====== Records supplied

(* Let $(A,f)$ be a finite-dimensional abelian quadratic Lie algebra over a field $\mathbb{K}$ of characteristic zero, let $d$ be an $f$-skew-symmetric derivation of $A$, and let $(A_b,f_b)$ be the one-dimensional double extension of $(A,f)$ by $(b,d)$. Then $A_b$ is $2$-step nilpotent if and only if $d\neq 0$ and $d^2=0$.
   Context: A quadratic Lie algebra $(A,f)$ is a Lie algebra with a non-degenerate symmetric invariant bilinear form $f$ (invariance: $f([x,y],z)+f(y,[x,z])=0$); here $A$ is abelian so every linear map is a derivation. A linear map $d$ is $f$-skew-symmetric if $f(d(x),y)+f(x,d(y))=0$. The one-dimensional double extension of $(A,f)$ by $(b,d)$ is $A_b=\mathbb{K}b\oplus A\oplus\mathbb{K}\beta$ with bracket $[\lambda b+a+\mu\beta,\lambda' b+a'+\mu'\beta]=\lambda d(a')-\lambda' d(a)+[a,a']_A+f(d(a),a')\beta$ and form $f_b(\lambda b+a+\mu\beta,\lambda' b+a'+\mu'\beta)=\lambda\mu'+\lambda'\mu+f(a,a')$. $2$-step nilpotent means $[L,[L,L]]=0\neq[L,L]$. *)

theory Defs
  imports Complex_Main "HOL-Library.Product_Plus"
begin

text \<open>The one-dimensional double extension A_b = K b + A + K beta of an abelian
 quadratic Lie algebra (A,f) by (b,d). Elements lambda b + a + mu beta are
 represented as triples (lambda, a, mu).\<close>

definition dext_scale :: "('k::field \<Rightarrow> 'v \<Rightarrow> 'v) \<Rightarrow> 'k \<Rightarrow> 'k \<times> 'v \<times> 'k \<Rightarrow> 'k \<times> 'v \<times> 'k"
  where "dext_scale scale c x = (case x of (l, a, m) \<Rightarrow> (c * l, scale c a, c * m))"

text \<open>Bracket of A_b; the bracket of A is zero since A is abelian.\<close>
definition dext_bracket ::
  "('k::field \<Rightarrow> 'v::ab_group_add \<Rightarrow> 'v) \<Rightarrow> ('v \<Rightarrow> 'v \<Rightarrow> 'k) \<Rightarrow> ('v \<Rightarrow> 'v)
   \<Rightarrow> 'k \<times> 'v \<times> 'k \<Rightarrow> 'k \<times> 'v \<times> 'k \<Rightarrow> 'k \<times> 'v \<times> 'k"
  where "dext_bracket scale f d x y =
    (case x of (l, a, m) \<Rightarrow> case y of (l', a', m') \<Rightarrow>
      (0, scale l (d a') - scale l' (d a), f (d a) a'))"

definition dext_comm ::
  "('k::field \<Rightarrow> 'v::ab_group_add \<Rightarrow> 'v) \<Rightarrow> ('v \<Rightarrow> 'v \<Rightarrow> 'k) \<Rightarrow> ('v \<Rightarrow> 'v)
   \<Rightarrow> ('k \<times> 'v \<times> 'k) set \<Rightarrow> ('k \<times> 'v \<times> 'k) set \<Rightarrow> ('k \<times> 'v \<times> 'k) set"
  where "dext_comm scale f d S T =
    module.span (dext_scale scale) {dext_bracket scale f d x y | x y. x \<in> S \<and> y \<in> T}"

definition dext_two_step_nilpotent ::
  "('k::field \<Rightarrow> 'v::ab_group_add \<Rightarrow> 'v) \<Rightarrow> ('v \<Rightarrow> 'v \<Rightarrow> 'k) \<Rightarrow> ('v \<Rightarrow> 'v) \<Rightarrow> bool"
  where "dext_two_step_nilpotent scale f d \<longleftrightarrow>
    dext_comm scale f d UNIV (dext_comm scale f d UNIV UNIV) = {(0, 0, 0)}
    \<and> dext_comm scale f d UNIV UNIV \<noteq> {(0, 0, 0)}"

end

theory Submission
  imports Defs
begin

text \<open>Bracketing with \<open>b\<close> is \<open>d\<close>, so \<open>[L,L]\<close> contains \<open>d(A)\<close> and \<open>[L,[L,L]]\<close> contains
  \<open>d\<^sup>2(A)\<close>; conversely every bracket lies in \<open>d(A)\<close> plus the line of \<open>\<beta>\<close>, which is central once
  \<open>d\<^sup>2 = 0\<close> by skew-symmetry of \<open>d\<close>.\<close>

lemma (in module) span_eq_zero_iff: "span S = {0} \<longleftrightarrow> S \<subseteq> {0}"
  using span_base span_minimal[of S "{0}"] span_zero by auto

lemma module_dext_scale:
  assumes "vector_space scale"
  shows "module (dext_scale scale)"
proof -
  interpret vector_space scale by fact
  show ?thesis
    by unfold_locales
      (auto simp: dext_scale_def algebra_simps scale_right_distrib scale_left_distrib split: prod.splits)
qed

locale skew_derivation = vector_space scale
  for scale :: "'k::field \<Rightarrow> 'v::ab_group_add \<Rightarrow> 'v" +
  fixes f :: "'v \<Rightarrow> 'v \<Rightarrow> 'k" and d :: "'v \<Rightarrow> 'v"
  assumes f_linear: "Vector_Spaces.linear scale (*) (f x)"
    and f_sym: "f x y = f y x"
    and d_linear: "Vector_Spaces.linear scale scale d"
    and d_skew: "f (d x) y + f x (d y) = 0"
begin

sublocale dext: module "dext_scale scale"
  by (rule module_dext_scale) unfold_locales

sublocale d: Vector_Spaces.linear scale scale d
  by (rule d_linear)

abbreviation derived :: "('k \<times> 'v \<times> 'k) set"
  where "derived \<equiv> dext_comm scale f d UNIV UNIV"

lemma f_zero_right [simp]: "f x 0 = 0"
proof -
  interpret Vector_Spaces.linear scale "(*)" "f x" by (rule f_linear)
  show ?thesis by (rule zero)
qed

lemma f_zero_left [simp]: "f 0 y = 0"
  using f_zero_right f_sym by metis

lemma f_image_kernel: "d y = 0 \<Longrightarrow> f (d x) y = 0"
  using d_skew[of x y] by simp

lemma dext_comm_eq_zero_iff:
  "dext_comm scale f d S T = {0} \<longleftrightarrow> (\<forall>x\<in>S. \<forall>y\<in>T. dext_bracket scale f d x y = 0)"
  unfolding dext_comm_def dext.span_eq_zero_iff by blast

lemma dext_bracket_b_left: "dext_bracket scale f d (1, 0, 0) (0, v, 0) = (0, d v, 0)"
  by (simp add: dext_bracket_def)

lemma d_in_derived: "(0, d v, 0) \<in> derived"
  unfolding dext_comm_def
  by (rule dext.span_base) (use dext_bracket_b_left[symmetric] in blast)

lemma derived_eq_zero_iff: "derived = {0} \<longleftrightarrow> d = (\<lambda>_. 0)"
proof
  assume "derived = {0}"
  then show "d = (\<lambda>_. 0)"
    using d_in_derived by (auto simp: zero_prod_def)
next
  assume "d = (\<lambda>_. 0)"
  then show "derived = {0}"
    unfolding dext_comm_eq_zero_iff by (simp add: dext_bracket_def zero_prod_def split: prod.splits)
qed

lemma second_derived_eq_zero_iff: "dext_comm scale f d UNIV derived = {0} \<longleftrightarrow> d \<circ> d = (\<lambda>_. 0)"
proof
  assume "dext_comm scale f d UNIV derived = {0}"
  then have "dext_bracket scale f d (1, 0, 0) (0, d v, 0) = 0" for v
    using d_in_derived by (auto simp: dext_comm_eq_zero_iff)
  then show "d \<circ> d = (\<lambda>_. 0)"
    by (auto simp: dext_bracket_b_left zero_prod_def)
next
  assume dd: "d \<circ> d = (\<lambda>_. 0)"
  define K :: "('k \<times> 'v \<times> 'k) set" where "K = {(0, a, m) | a m. d a = 0}"
  have "dext.subspace K"
    by (force simp: dext.subspace_def K_def zero_prod_def dext_scale_def d.add d.scale)
  moreover have "dext_bracket scale f d x y \<in> K" for x y
    using dd by (auto simp: K_def dext_bracket_def d.diff d.scale fun_eq_iff split: prod.splits)
  ultimately have "derived \<subseteq> K"
    unfolding dext_comm_def by (intro dext.span_minimal) auto
  moreover have "dext_bracket scale f d x y = 0" if "y \<in> K" for x y
    using that by (auto simp: f_image_kernel K_def dext_bracket_def zero_prod_def split: prod.splits)
  ultimately show "dext_comm scale f d UNIV derived = {0}"
    by (auto simp: dext_comm_eq_zero_iff)
qed

end

theorem corollary2p11:
  fixes scale :: "'k::field_char_0 \<Rightarrow> 'v::ab_group_add \<Rightarrow> 'v"
    and B :: "'v set"
    and f :: "'v \<Rightarrow> 'v \<Rightarrow> 'k"
    and d :: "'v \<Rightarrow> 'v"
  assumes fin: "finite_dimensional_vector_space scale B"
    and f_lin: "\<And>x. Vector_Spaces.linear scale (*) (f x)"
    and f_sym: "\<And>x y. f x y = f y x"
    and f_nondeg: "\<And>x. (\<forall>y. f x y = 0) \<Longrightarrow> x = 0"
    and d_lin: "Vector_Spaces.linear scale scale d"
    and d_skew: "\<And>x y. f (d x) y + f x (d y) = 0"
  shows "dext_two_step_nilpotent scale f d \<longleftrightarrow> d \<noteq> (\<lambda>_. 0) \<and> d \<circ> d = (\<lambda>_. 0)"
proof -
  interpret skew_derivation scale f d
    using fin f_lin f_sym d_lin d_skew
    by (simp add: skew_derivation_def skew_derivation_axioms_def finite_dimensional_vector_space_def)
  show ?thesis
    using derived_eq_zero_iff second_derived_eq_zero_iff
    by (auto simp: dext_two_step_nilpotent_def zero_prod_def)
qed

end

============

Required action :: In the data above, retype exactly and only the lines between the one holding "unfolding dext_comm_def dext.span_eq_zero_iff" and the one holding "unfolding dext_comm_def by", inclusive.

Response to this exercise ::
  unfolding dext_comm_def dext.span_eq_zero_iff by blast

lemma dext_bracket_b_left: "dext_bracket scale f d (1, 0, 0) (0, v, 0) = (0, d v, 0)"
  by (simp add: dext_bracket_def)

lemma d_in_derived: "(0, d v, 0) \<in> derived"
  unfolding dext_comm_def
  by (rule dext.span_base) (use dext_bracket_b_left[symmetric] in blast)

lemma derived_eq_zero_iff: "derived = {0} \<longleftrightarrow> d = (\<lambda>_. 0)"
proof
  assume "derived = {0}"
  then show "d = (\<lambda>_. 0)"
    using d_in_derived by (auto simp: zero_prod_def)
next
  assume "d = (\<lambda>_. 0)"
  then show "derived = {0}"
    unfolding dext_comm_eq_zero_iff by (simp add: dext_bracket_def zero_prod_def split: prod.splits)
qed

lemma second_derived_eq_zero_iff: "dext_comm scale f d UNIV derived = {0} \<longleftrightarrow> d \<circ> d = (\<lambda>_. 0)"
proof
  assume "dext_comm scale f d UNIV derived = {0}"
  then have "dext_bracket scale f d (1, 0, 0) (0, d v, 0) = 0" for v
    using d_in_derived by (auto simp: dext_comm_eq_zero_iff)
  then show "d \<circ> d = (\<lambda>_. 0)"
    by (auto simp: dext_bracket_b_left zero_prod_def)
next
  assume dd: "d \<circ> d = (\<lambda>_. 0)"
  define K :: "('k \<times> 'v \<times> 'k) set" where "K = {(0, a, m) | a m. d a = 0}"
  have "dext.subspace K"
    by (force simp: dext.subspace_def K_def zero_prod_def dext_scale_def d.add d.scale)
  moreover have "dext_bracket scale f d x y \<in> K" for x y
    using dd by (auto simp: K_def dext_bracket_def d.diff d.scale fun_eq_iff split: prod.splits)
  ultimately have "derived \<subseteq> K"
    unfolding dext_comm_def by (intro dext.span_minimal) auto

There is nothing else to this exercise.